Apple Intelligence logo and icon.

(Image: Apple)

2 min. read
This article was originally published in German and has been automatically translated.

Apple Intelligence was not trained with the free database The Pile, which contains subtitles of thousands of YouTube videos without asking their creators. The company announced this to the Apple blog 9to5Mac. The company had written in a scientific paper on its OpenELM series of high-efficiency models that the data set was being used. However, OpenELM is not part of the AI systems used by the company, including Apple Intelligence or other technology from the field of machine learning.

According to 9to5Mac, Apple said it developed OpenELM as a contribution to AI research and the advancement of open-source language models. At the time, the company described the technology as a "cutting-edge open language model". However, OpenELM was only developed for research purposes, not to operate any Apple intelligence functions. OpenELM is still available on Apple's AI research website.

Criticism of the training data set "The Pile", which originates from the non-proift organization EleutherAI, was raised in a report by The Proof, according to which other large companies such as Nvidia, Anthropic and Salesforce also use the information. "The Pile" is said to have been fed with subtitles from 170,000 YouTube videos, among other things.

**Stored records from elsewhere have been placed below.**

lemma block_embedding_split:
  assumes E: "block_embedding N l Q \<rho> E" and "1 \<le> l"
    and cover: "range E \<subseteq> S\<^sub>1 \<union> S\<^sub>2" and S\<^sub>1: "xor3_closed S\<^sub>1" and S\<^sub>2: "xor3_closed S\<^sub>2"
    and not1: "\<not> range E \<subseteq> S\<^sub>1" and not2: "\<not> range E \<subseteq> S\<^sub>2"
  shows "\<exists>i E\<^sub>1 E\<^sub>2. block_embedding N l (insert i Q) (\<rho>(i := False)) E\<^sub>1 \<and> range E\<^sub>1 \<subseteq> S\<^sub>1
    \<and> block_embedding N l (insert i Q) (\<rho>(i := True)) E\<^sub>2 \<and> range E\<^sub>2 \<subseteq> S\<^sub>2"
proof -
  have R: "xor3_closed (range E)"
    by (rule affine_map_range_xor3_closed[OF block_embedding_affine[OF E]])
  obtain \<beta>\<^sub>1 \<beta>\<^sub>2 where \<beta>: "E \<beta>\<^sub>1 \<notin> S\<^sub>1" "E \<beta>\<^sub>2 \<notin> S\<^sub>2" using not1 not2 by blast
  then have disjoint: "range E \<inter> S\<^sub>1 \<inter> S\<^sub>2 = {}"
    using xor3_closed_cover_disjoint[OF R cover S\<^sub>1 S\<^sub>2] by blast
  define H where "H \<alpha> \<longleftrightarrow> \<alpha> \<in> S\<^sub>1" for \<alpha>
  have H: "affine_pred (\<lambda>\<beta>. H (E \<beta>))"
    unfolding affine_pred_def H_def affine_mapD[OF block_embedding_affine[OF E]]
    using xor3_closed_cover_affine[OF R cover disjoint S\<^sub>1 S\<^sub>2] by blast
  define V where "V = {v \<in> lift_vars N l. block v \<notin> Q}"
  define restr where "restr \<beta> v \<longleftrightarrow> v \<in> V \<and> \<beta> v" for \<beta> v
  have "E (restr \<beta>) = E \<beta>" for \<beta>
    by (rule block_embedding_cong[OF E]) (simp add: restr_def V_def)
  then have "H (E (restr \<beta>\<^sub>1)) \<noteq> H (E (restr \<beta>\<^sub>2))" using \<beta> cover by (auto simp: H_def)
  moreover have "finite V" by (simp add: V_def finite_lift_vars)
  ultimately obtain u \<delta> where u: "u \<in> V" "H (E (flip u \<delta>)) \<noteq> H (E \<delta>)"
    using ex_sensitive_coordinate[of V "restr \<beta>\<^sub>1" "restr \<beta>\<^sub>2" "\<lambda>\<beta>. H (E \<beta>)"] by (auto simp: restr_def)
  then have "\<forall>\<beta>. H (E (flip u \<beta>)) \<noteq> H (E \<beta>)" using affine_pred_flip[OF H] by blast
  moreover have "u \<in> lift_vars N l" "block u \<notin> Q" using u(1) by (auto simp: V_def)
  ultimately obtain E\<^sub>1 E\<^sub>2 where
    E\<^sub>1: "block_embedding N l (insert (block u) Q) (\<rho>(block u := False)) E\<^sub>1" "\<forall>\<beta>. H (E\<^sub>1 \<beta>)" and
    E\<^sub>2: "block_embedding N l (insert (block u) Q) (\<rho>(block u := True)) E\<^sub>2" "\<forall>\<beta>. \<not> H (E\<^sub>2 \<beta>)"
      "range E\<^sub>2 \<subseteq> range E"
    using block_embedding_fix_block[OF E \<open>1 \<le> l\<close> _ _ H, of u False True]
      block_embedding_fix_block[OF E \<open>1 \<le> l\<close> _ _ H, of u True False] by auto
  have "range E\<^sub>1 \<subseteq> S\<^sub>1" using E\<^sub>1(2) by (auto simp: H_def)
  moreover have "range E\<^sub>2 \<subseteq> S\<^sub>2" using E\<^sub>2(2,3) cover by (auto simp: H_def)
  ultimately show ?thesis using E\<^sub>1(1) E\<^sub>2(1) by blast
qed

There is said to have been no authorization for this.

It is still not clear exactly which and how much training data Apple uses for Apple Intelligence. The company only states that it uses "licensed content, including data that improves specific functions". However, there is also data that Apple itself seems to have obtained from the public internet with its web crawler.

To opt out, website operators must instruct the special "Applebot-Extended" to ignore their own content. The crawling of websites by the AppleBot (which is not used for AI purposes, but for other services) remains in place even when opting out if it is not simultaneously rejected in the "robots.txt" file, the company writes on Apple.com. It is also known that the company does not include personal user data or "user interactions" in the training. There are also filters for credit card data or "obscenity" plus low-quality content - although it is unclear how these are excluded.